My first thought was, well when you picked the door at the beginning, it had a 1 in 3 chance of being right. Now Monty has shown you one door that was a loser, so you have 1 in 2 chance of being right.  From this you can reason that switching to the remaining door also results in a 1 in 2 chance of being right, so it's arbitrary, you have a 50% chance of winning either way.  Boy this logic seems intuitive, but it turns out it is wrong!!

In fact, you should always switch from the door you first chose to the door that remains after Monty shows you a loser door.  Switching doubles your chance of winning! (you have a 1/3 chance of winning if you stay with your original door, and a 2/3 chance if you switch)  The trick is basically doing some careful bookkeeping and tracking conditional probabilities.  When Monty opens a door showing you a loser he is giving you valuable information.  You can read all about conditional probabilities at the Wikipedia link given above.

For me, doing is believing, so I have to play the Monty Hall game for this to really sink in.  One way would be to get a willing friend to help me play many rounds of the game some where I switch, and others where I don't and track how often I win using either strategy.  Sounds tedious.  Another route is to have a computer play the game for me.  Below is how I played 10,000 rounds of the Monty Hall game in Python.

from random import *
from collections import defaultdict

def count_all(xlist, proportions=False):
    '''Count all the items in a list, return a dict
       with the item as key and counts as value'''
    out =  defaultdict(int)
    for i in xlist: out[i]+=1
    if proportions:
        out2 = {}
        tot_sz = float(sum(out.values()))
        for i in out: out2[i] = out[i] / tot_sz
        return out2
    else: return out

switch = []
no_switch = []

m = [0,0,1]  #a representation of Monty's doors, two losers (i.e. zeros) and one winner (i.e. one)

for i in xrange(10000): #ten thousand games
    shuffle(m) #randomly shuffle which door is the winner
    p = choice([0,1,2]) #contestant randomly picks a door
    x = [idx for idx,i in enumerate(m) if not i]  #find the two loser doors
    if p in x: show = set(x) - set([p]) #if our pick (p) is a loser pick the other door
    if p not in x: show = set([choice(x)]) #if our pick is the winner, randomly choose one of the two losers to show
    show = show.pop() #the door we will show
    all_s = set(range(3)) #setting up a set of all doors
    f = set([p, show]) # setting up a set with the orig pick and the loser we will show
    new_p = all_s.difference(f) #new_p is the set diff, meaning it's the door we'd switch to after Monty shows the loser
    new_p = new_p.pop()
    if m[p]: no_switch.append(1) #if the no switch strategy succeeded add 1 to list
    else: no_switch.append(0) # if no switch was a loser add 0 to list
    if m[new_p]: switch.append(1) #ditto above, but for switch strategy
    else: switch.append(0)

print 'switch strategy', count_all(switch).items()  #print the counts of the results
print 'no switch strategy', count_all(no_switch).items()

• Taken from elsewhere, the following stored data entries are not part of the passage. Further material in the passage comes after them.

lemma bdd_above_dual_norm_quotients:
  fixes grad :: "'v::real_inner \<Rightarrow> 'm::real_inner"
  assumes poincare: "\<forall>w\<in>V. norm w \<le> C * norm (grad w)"
  shows "bdd_above (insert 0 {inner f v / norm (grad v) | v. v \<in> V \<and> v \<noteq> 0})"
proof (rule bdd_aboveI[where M = "max 0 (C * norm f)"])
  fix x assume "x \<in> insert 0 {inner f v / norm (grad v) | v. v \<in> V \<and> v \<noteq> 0}"
  then consider "x = 0" | w where "x = inner f w / norm (grad w)" "w \<in> V" "w \<noteq> 0" by blast
  then show "x \<le> max 0 (C * norm f)"
  proof cases
    case 2
    have "0 < norm w" using 2 by simp
    also have "\<dots> \<le> C * norm (grad w)" using poincare 2 by blast
    finally have grad_pos: "0 < norm (grad w)"
      by (metis mult_zero_right norm_ge_zero order.not_eq_order_implies_strict order_less_irrefl)
    have "inner f w \<le> norm f * norm w" by (rule norm_cauchy_schwarz)
    also have "\<dots> \<le> norm f * (C * norm (grad w))" using poincare 2 by (simp add: mult_left_mono)
    finally have "x \<le> C * norm f" using 2 grad_pos by (simp add: divide_le_eq mult_ac)
    then show ?thesis by linarith
  qed simp
qed

lemma dual_norm_nonneg:
  assumes "\<forall>w\<in>V. norm w \<le> C * norm (grad w)"
  shows "0 \<le> dual_norm V grad f"
  unfolding dual_norm_def by (rule cSup_upper[OF _ bdd_above_dual_norm_quotients[OF assms]]) simp

lemma inner_le_dual_norm:
  assumes poincare: "\<forall>w\<in>V. norm w \<le> C * norm (grad w)" and "v \<in> V"
  shows "inner f v \<le> dual_norm V grad f * norm (grad v)"
proof (cases "v = 0")
  case True
  then show ?thesis using dual_norm_nonneg[OF poincare] by simp
next
  case False
  have "0 < norm v" using False by simp
  also have "\<dots> \<le> C * norm (grad v)" using poincare \<open>v \<in> V\<close> by blast
  finally have grad_pos: "0 < norm (grad v)"
    by (metis mult_zero_right norm_ge_zero order.not_eq_order_implies_strict order_less_irrefl)
  have "inner f v / norm (grad v) \<le> dual_norm V grad f" unfolding dual_norm_def
    by (rule cSup_upper[OF _ bdd_above_dual_norm_quotients[OF poincare]]) (use \<open>v \<in> V\<close> False in blast)
  then show ?thesis using grad_pos by (simp add: divide_le_eq)
qed

lemma inner_le_Linf_norm:
  assumes poincare: "\<forall>w\<in>V. norm w \<le> C * norm (grad w)"
    and finite: "Linf_norm V grad f < \<infinity>"
    and nodes: "\<forall>k::nat. ereal (dual_norm V grad (f (real k * dt))) \<le> Linf_norm V grad f"
    and "v \<in> V"
  shows "inner (f (real k * dt)) v \<le> real_of_ereal (Linf_norm V grad f) * norm (grad v)"
proof -
  have "ereal (dual_norm V grad (f (real k * dt))) \<le> Linf_norm V grad f"
    "0 \<le> dual_norm V grad (f (real k * dt))"
    using nodes dual_norm_nonneg[OF poincare] by simp_all
  then have "dual_norm V grad (f (real k * dt)) \<le> real_of_ereal (Linf_norm V grad f)"
    using finite by (cases "Linf_norm V grad f") simp_all
  then have "dual_norm V grad (f (real k * dt)) * norm (grad v)
      \<le> real_of_ereal (Linf_norm V grad f) * norm (grad v)"
    by (rule mult_right_mono) simp
  then show ?thesis using inner_le_dual_norm[OF poincare \<open>v \<in> V\<close>] by (rule order_trans[rotated])
qed

lemma test_with_divergence_free_solution:
  assumes "a \<in> Vh Xh Qh dv" "p \<in> Qh"
    and equation: "\<forall>v\<in>Xh. inner w v + \<nu> * inner (grad a) (grad v) + b1 conv z a v - inner p (dv v)
                          = inner g v"
    and forcing: "inner g a \<le> M * norm (grad a)"
  shows "inner w a + \<nu> * inner (grad a) (grad a) \<le> M * norm (grad a)"
proof -
  have "a \<in> Xh" using assms(1) by (simp add: Vh_def)
  then have "inner w a + \<nu> * inner (grad a) (grad a) + b1 conv z a a - inner p (dv a) = inner g a"
    using equation by blast
  moreover have "inner p (dv a) = 0" using assms(1,2) by (simp add: Vh_def inner_commute)
  ultimately show ?thesis using forcing by simp
qed
theorem lemma7:
  fixes E :: "('v \<times> 'v) set" and vo vd :: 'v
    and C :: "nat \<Rightarrow> ('v \<times> 'v) \<Rightarrow> real \<Rightarrow> real"
    and \<phi> :: "nat \<Rightarrow> real"
  defines "P \<equiv> od_paths E vo vd"
  assumes finE: "finite E"
    and cont: "\<And>s e. s \<in> {1..2} \<Longrightarrow> e \<in> E \<Longrightarrow> continuous_on {0..} (C s e)"
    and incr: "\<And>s e. s \<in> {1..2} \<Longrightarrow> e \<in> E \<Longrightarrow> strict_mono_on {0..} (C s e)"
    and nonneg: "\<And>s e x. s \<in> {1..2} \<Longrightarrow> e \<in> E \<Longrightarrow> x \<ge> 0 \<Longrightarrow> C s e x \<ge> 0"
    and phi: "\<phi> \<in> prob_simplex 2"
    and inf: "\<exists>f \<in> wardrop_eq 2 C P \<phi>. f \<in> informative_flows C P"
  shows "\<forall>fh \<in> wardrop_eq 2 C P \<phi>.
     {\<psi> \<in> prob_simplex 2.
        (\<forall>p\<in>P. \<forall>r\<in>P. fh p > 0 \<longrightarrow> fh r > 0 \<longrightarrow>
           (\<Sum>s=1..2. (path_cost C s P fh p - path_cost C s P fh r) * \<psi> s) = 0) \<and>
        (\<forall>p\<in>P. \<forall>r\<in>P. fh p > 0 \<longrightarrow> fh r = 0 \<longrightarrow>
           (\<Sum>s=1..2. (path_cost C s P fh p - path_cost C s P fh r) * \<psi> s) \<le> 0)}
     = {\<phi>}"
proof -
  obtain f where f: "f \<in> wardrop_eq 2 C P \<phi>" "f \<in> informative_flows C P"
    using inf by blast
  have paths: "\<And>p. p \<in> P \<Longrightarrow> path_edges p \<subseteq> E"
    unfolding P_def by (rule od_paths_edges)
  have mono\<phi>: "strict_mono_on {0..} (mixed_edge_cost 2 C \<phi> e)" if "e \<in> E" for e
    by (rule mixed_edge_cost_strict_mono[OF phi]) (rule incr[OF _ that])
  have "{\<psi> \<in> prob_simplex 2. fh \<in> wardrop_eq 2 C P \<psi>} = {\<phi>}" if fh: "fh \<in> wardrop_eq 2 C P \<phi>" for fh
  proof -
    from fh f(1) finE paths mono\<phi> have "\<forall>e\<in>E. edge_flow P fh e = edge_flow P f e"
      unfolding wardrop_eq_eq_wardrop_flows by (rule wardrop_flows_edge_flows_eq)
    then have shared: "f \<in> wardrop_eq 2 C P \<psi>" if "fh \<in> wardrop_eq 2 C P \<psi>" for \<psi>
      using that wardrop_flows_if_edge_flows_eq[OF _ wardrop_flows_feasible finE paths]
        f(1) unfolding wardrop_eq_eq_wardrop_flows by metis
    have "\<psi> = \<phi>" if "\<psi> \<in> prob_simplex 2" "fh \<in> wardrop_eq 2 C P \<psi>" for \<psi>
      using informative_wardrop_eq_belief_unique[OF finE paths cont incr phi that(1) f(1) shared[OF that(2)] f(2)]
      by simp
    with fh phi show ?thesis
      by blast
  qed
  moreover have "fh \<in> feasible_flows P" if "fh \<in> wardrop_eq 2 C P \<phi>" for fh
    using that by (simp add: wardrop_eq_def)
  ultimately show ?thesis
    by (intro ballI, subst wardrop_eq_beliefs_eq) auto
qed

end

I run this code with Python and here is what I get:

switch strategy [(0, 3362), (1, 6638)]

no switch strategy [(0, 6638), (1, 3362)]

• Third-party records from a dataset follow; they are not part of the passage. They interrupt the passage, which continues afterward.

lemma has_real_derivative_if_quadratic_remainder:
  assumes "\<And>y. \<bar>H y - H x - (y - x) * D\<bar> \<le> B * (y - x)\<^sup>2"
  shows "(H has_real_derivative D) (at x)"
  unfolding has_field_derivative_iff
proof (rule LIM_zero_cancel, rule Lim_null_comparison)
  show "\<forall>\<^sub>F y in at x. norm ((H y - H x) / (y - x) - D) \<le> B * \<bar>y - x\<bar>"
    unfolding eventually_at_filter
  proof (intro always_eventually allI impI)
    fix y :: real assume "y \<noteq> x"
    then have "(H y - H x) / (y - x) - D = (H y - H x - (y - x) * D) / (y - x)"
      by (simp add: field_simps)
    then have "norm ((H y - H x) / (y - x) - D) = \<bar>H y - H x - (y - x) * D\<bar> / \<bar>y - x\<bar>"
      by (simp add: abs_divide)
    also have "\<dots> \<le> B * \<bar>y - x\<bar>"
      using assms[of y] \<open>y \<noteq> x\<close> by (simp add: divide_le_eq power2_eq_square mult.assoc)
    finally show "norm ((H y - H x) / (y - x) - D) \<le> B * \<bar>y - x\<bar>" .
  qed
  show "((\<lambda>y. B * \<bar>y - x\<bar>) \<longlongrightarrow> 0) (at x)"
  proof -
    have "((\<lambda>y. B * \<bar>y - x\<bar>) \<longlongrightarrow> B * \<bar>x - x\<bar>) (at x)"
      by (intro tendsto_intros)
    then show ?thesis by simp
  qed
qed

definition shift_mean :: "'a measure \<Rightarrow> ('a \<Rightarrow> real) \<Rightarrow> (real \<Rightarrow> real) \<Rightarrow> real \<Rightarrow> real" where
  "shift_mean \<mu> \<phi> h x = (\<integral>u. h (x + \<phi> u) \<partial>\<mu>)"

context prob_space
begin

lemma abs_integral_le_const:
  fixes f :: "'a \<Rightarrow> real"
  assumes "integrable M f" "\<And>u. \<bar>f u\<bar> \<le> c"
  shows "\<bar>\<integral>u. f u \<partial>M\<bar> \<le> c"
proof -
  have "\<integral>u. f u \<partial>M \<le> c" "- c \<le> \<integral>u. f u \<partial>M"
    using assms by (auto intro!: integral_le_const integral_ge_const simp: abs_le_iff minus_le_iff)
  then show ?thesis by linarith
qed

lemma integrable_bounded_continuous_shift:
  fixes h :: "real \<Rightarrow> real"
  assumes "\<phi> \<in> borel_measurable M" "continuous_on UNIV h" "\<And>t. \<bar>h t\<bar> \<le> B"
  shows "integrable M (\<lambda>u. h (x + \<phi> u))"
proof (rule integrable_const_bound[where B = B])
  have "h \<in> borel_measurable borel"
    using assms(2) by (rule borel_measurable_continuous_onI)
  then show "(\<lambda>u. h (x + \<phi> u)) \<in> borel_measurable M"
    using assms(1) by measurable
qed (use assms(3) in auto)

lemma shift_mean_abs_le:
  fixes h :: "real \<Rightarrow> real"
  assumes "\<phi> \<in> borel_measurable M" "continuous_on UNIV h" "\<And>t. \<bar>h t\<bar> \<le> B"
  shows "\<bar>shift_mean M \<phi> h x\<bar> \<le> B"
  unfolding shift_mean_def
  using assms by (intro abs_integral_le_const integrable_bounded_continuous_shift)

lemma shift_mean_has_real_derivative:
  fixes h h' :: "real \<Rightarrow> real"
  assumes \<phi>: "\<phi> \<in> borel_measurable M"
    and h: "\<And>t. (h has_real_derivative h' t) (at t)" "\<And>t. \<bar>h t\<bar> \<le> B"
    and h': "\<And>t. \<bar>h' t\<bar> \<le> B" "B-lipschitz_on UNIV h'"
  shows "(shift_mean M \<phi> h has_real_derivative shift_mean M \<phi> h' x) (at x)"
proof (rule has_real_derivative_if_quadratic_remainder)
  have "continuous_on UNIV h"
    using h(1) by (meson DERIV_isCont continuous_at_imp_continuous_on)
  moreover have "continuous_on UNIV h'"
    using h'(2) by (rule lipschitz_on_continuous_on)
  ultimately have int: "integrable M (\<lambda>u. h (t + \<phi> u))" "integrable M (\<lambda>u. h' (t + \<phi> u))" for t
    using integrable_bounded_continuous_shift[OF \<phi>] h(2) h'(1) by blast+
  fix y
  have "shift_mean M \<phi> h y - shift_mean M \<phi> h x - (y - x) * shift_mean M \<phi> h' x
      = (\<integral>u. h (y + \<phi> u) - h (x + \<phi> u) - (y - x) * h' (x + \<phi> u) \<partial>M)"
    unfolding shift_mean_def using int by simp
  also have "\<bar>\<dots>\<bar> \<le> B * (y - x)\<^sup>2"
    using int first_order_remainder_le[OF h(1) h'(2), of "y + \<phi> u" "x + \<phi> u" for u]
    by (intro abs_integral_le_const) auto
  finally show "\<bar>shift_mean M \<phi> h y - shift_mean M \<phi> h x - (y - x) * shift_mean M \<phi> h' x\<bar>
      \<le> B * (y - x)\<^sup>2" .
qed

end

lemma abs_le_sup_norm:
  assumes "bounded (range h)"
  shows "\<bar>h t\<bar> \<le> sup_norm h"
proof -
  obtain B where "\<forall>y\<in>range h. norm y \<le> B" using assms bounded_iff by blast
  then have "bdd_above (range (\<lambda>x. \<bar>h x\<bar>))" by (intro bdd_aboveI[of _ B]) auto
  then show ?thesis unfolding sup_norm_def by (rule cSUP_upper[OF UNIV_I])
qed

lemma nderiv_0_1_2: "nderiv 0 h = h" "nderiv 1 h = deriv h" "nderiv 2 h = deriv (deriv h)"
  by (simp_all add: nderiv_def numeral_2_eq_2)

lemma C2b_has_real_derivatives:
  assumes "C2b g"
  shows "(g has_real_derivative deriv g t) (at t)"
    and "(deriv g has_real_derivative deriv (deriv g) t) (at t)"
proof -
  have "nderiv j g differentiable at t" if "j < 2" for j
    using assms that unfolding C2b_def Ck_def by blast
  from this[of 0] this[of 1] show "(g has_real_derivative deriv g t) (at t)"
    and "(deriv g has_real_derivative deriv (deriv g) t) (at t)"
    unfolding nderiv_0_1_2 by (simp_all add: DERIV_deriv_iff_real_differentiable)
qed

lemma C2b_continuous_on:
  assumes "C2b g"
  shows "continuous_on UNIV g" "continuous_on UNIV (deriv g)"
  using C2b_has_real_derivatives[OF assms]
  by (meson DERIV_isCont continuous_at_imp_continuous_on)+

lemma C2b_abs_le_norm2inf:
  assumes "C2b g"
  shows "\<bar>g t\<bar> \<le> norm2inf g" "\<bar>deriv g t\<bar> \<le> norm2inf g" "\<bar>deriv (deriv g) t\<bar> \<le> norm2inf g"
proof -
  have "bounded (range (nderiv j g))" if "j \<le> 2" for j
    using assms that unfolding C2b_def by blast
  from this[of 0] this[of 1] this[of 2]
  have "bounded (range g)" "bounded (range (deriv g))" "bounded (range (deriv (deriv g)))"
    unfolding nderiv_0_1_2 by simp_all
  note bounds = this[THEN abs_le_sup_norm]
  have "0 \<le> sup_norm g" "0 \<le> sup_norm (deriv g)" "0 \<le> sup_norm (deriv (deriv g))"
    using bounds[of 0] by (auto intro: order_trans)
  then show "\<bar>g t\<bar> \<le> norm2inf g" "\<bar>deriv g t\<bar> \<le> norm2inf g" "\<bar>deriv (deriv g) t\<bar> \<le> norm2inf g"
    using bounds[of t] unfolding norm2inf_def by linarith+
qed

lemma divide_const_measurable_of_sets_borel:
  fixes c :: real
  assumes "sets \<mu> = sets borel"
  shows "(\<lambda>u. u / c) \<in> borel_measurable \<mu>"
proof -
  have "(\<lambda>u. u / c) \<in> borel_measurable borel"
    by measurable
  then show ?thesis
    by (simp add: measurable_cong_sets[OF assms refl])
qed

lemma genA_eq_shift_mean:
  assumes "prob_space \<mu>" "sets \<mu> = sets borel" "C2b g"
  shows "genA \<alpha> N f \<mu> g x
    = - \<alpha> * x * deriv g x + real N * f x * (shift_mean \<mu> (\<lambda>u. u / sqrt (real N)) g x - g x)"
proof -
  interpret prob_space \<mu> by fact
  have "(\<lambda>u. u / sqrt (real N)) \<in> borel_measurable \<mu>"
    using assms(2) by (rule divide_const_measurable_of_sets_borel)
  moreover note C2b_continuous_on(1)[OF assms(3)]
  ultimately have "integrable \<mu> (\<lambda>u. g (x + u / sqrt (real N)))"
    using C2b_abs_le_norm2inf(1)[OF assms(3)] by (rule integrable_bounded_continuous_shift)
  then show ?thesis
    by (simp add: genA_def shift_mean_def prob_space)
qed

lemma genA_has_real_derivative:
  fixes N :: nat
  assumes "prob_space \<mu>" "sets \<mu> = sets borel" "C2b g"
    and f: "(f has_real_derivative f') (at x)"
  defines "m \<equiv> shift_mean \<mu> (\<lambda>u. u / sqrt (real N))"
  shows "(genA \<alpha> N f \<mu> g has_real_derivative
      - \<alpha> * deriv g x - \<alpha> * x * deriv (deriv g) x
      + real N * (f' * (m g x - g x) + f x * (m (deriv g) x - deriv g x))) (at x)"
proof -
  interpret prob_space \<mu> by fact
  note g = C2b_has_real_derivatives[OF assms(3)] C2b_abs_le_norm2inf[OF assms(3)]
  have "(m g has_real_derivative m (deriv g) x) (at x)"
    unfolding m_def
  proof (rule shift_mean_has_real_derivative)
    show "(\<lambda>u. u / sqrt (real N)) \<in> borel_measurable \<mu>"
      using assms(2) by (rule divide_const_measurable_of_sets_borel)
    show "(norm2inf g)-lipschitz_on UNIV (deriv g)"
      using g by (intro bounded_real_derivative_imp_lipschitz)
  qed (use g in auto)
  then show ?thesis
    unfolding genA_eq_shift_mean[OF assms(1-3), abs_def] m_def[symmetric]
    by (auto intro!: derivative_eq_intros g f simp: algebra_simps)
qed

lemma abs_deriv_genA_le:
  fixes N :: nat
  assumes "prob_space \<mu>" "sets \<mu> = sets borel" "C2b g"
    and f: "(f has_real_derivative f') (at x)"
  shows "\<bar>deriv (genA \<alpha> N f \<mu> g) x\<bar>
    \<le> norm2inf g * (\<bar>\<alpha>\<bar> * (1 + \<bar>x\<bar>) + 2 * real N * (\<bar>f'\<bar> + \<bar>f x\<bar>))"
proof -
  interpret prob_space \<mu> by fact
  define n where "n = norm2inf g"
  define m where "m = shift_mean \<mu> (\<lambda>u. u / sqrt (real N))"
  note g = C2b_abs_le_norm2inf[OF assms(3), folded n_def]
  have "(\<lambda>u. u / sqrt (real N)) \<in> borel_measurable \<mu>"
    using assms(2) by (rule divide_const_measurable_of_sets_borel)
  moreover note C2b_continuous_on[OF assms(3)]
  ultimately have "\<bar>m g x\<bar> \<le> n" "\<bar>m (deriv g) x\<bar> \<le> n"
    unfolding m_def using g by (blast intro: shift_mean_abs_le)+
  then have jumps: "\<bar>m g x - g x\<bar> \<le> 2 * n" "\<bar>m (deriv g) x - deriv g x\<bar> \<le> 2 * n"
    using g[of x] by linarith+
  have "\<bar>f' * (m g x - g x)\<bar> \<le> \<bar>f'\<bar> * (2 * n)"
    "\<bar>f x * (m (deriv g) x - deriv g x)\<bar> \<le> \<bar>f x\<bar> * (2 * n)"
    using jumps by (simp_all add: abs_mult mult_left_mono)
  then have "\<bar>f' * (m g x - g x) + f x * (m (deriv g) x - deriv g x)\<bar>
      \<le> \<bar>f'\<bar> * (2 * n) + \<bar>f x\<bar> * (2 * n)"
    by linarith
  then have "\<bar>real N * (f' * (m g x - g x) + f x * (m (deriv g) x - deriv g x))\<bar>
      \<le> real N * (\<bar>f'\<bar> * (2 * n) + \<bar>f x\<bar> * (2 * n))"
    by (simp add: abs_mult mult_left_mono)
  moreover have "\<bar>\<alpha> * deriv g x\<bar> \<le> \<bar>\<alpha>\<bar> * n" "\<bar>\<alpha> * x * deriv (deriv g) x\<bar> \<le> \<bar>\<alpha>\<bar> * \<bar>x\<bar> * n"
    using g[of x] by (simp_all add: abs_mult mult_left_mono)
  ultimately have "\<bar>- \<alpha> * deriv g x - \<alpha> * x * deriv (deriv g) x
      + real N * (f' * (m g x - g x) + f x * (m (deriv g) x - deriv g x))\<bar>
    \<le> \<bar>\<alpha>\<bar> * n + \<bar>\<alpha>\<bar> * \<bar>x\<bar> * n + real N * (\<bar>f'\<bar> * (2 * n) + \<bar>f x\<bar> * (2 * n))"
    by linarith
  also have "\<dots> = n * (\<bar>\<alpha>\<bar> * (1 + \<bar>x\<bar>) + 2 * real N * (\<bar>f'\<bar> + \<bar>f x\<bar>))"
    by (simp add: algebra_simps)
  finally show ?thesis
    using genA_has_real_derivative[OF assms, of \<alpha> N, THEN DERIV_imp_deriv]
    unfolding n_def m_def by simp
qed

(here zero represents a loss and one is a win, both followed by the count among 10,000 games)

So out of 10,000 randomly generated Monty Hall trials switching won 6,638 (pretty close to the expected 2/3), and not switching only won 3,362 (about the expected 1/3).  It works!  My initial intuition that they should be about 50/50 is proved wrong.

As I mentioned above, you can get to this result without the simulations by using probability theory, but for me the result really becomes concrete and intuitive only after I code it up and see it for myself.

[Another thing worth pointing out is how simple it is to express this game in Python using sets, though I might have gotten a little carried away with them!]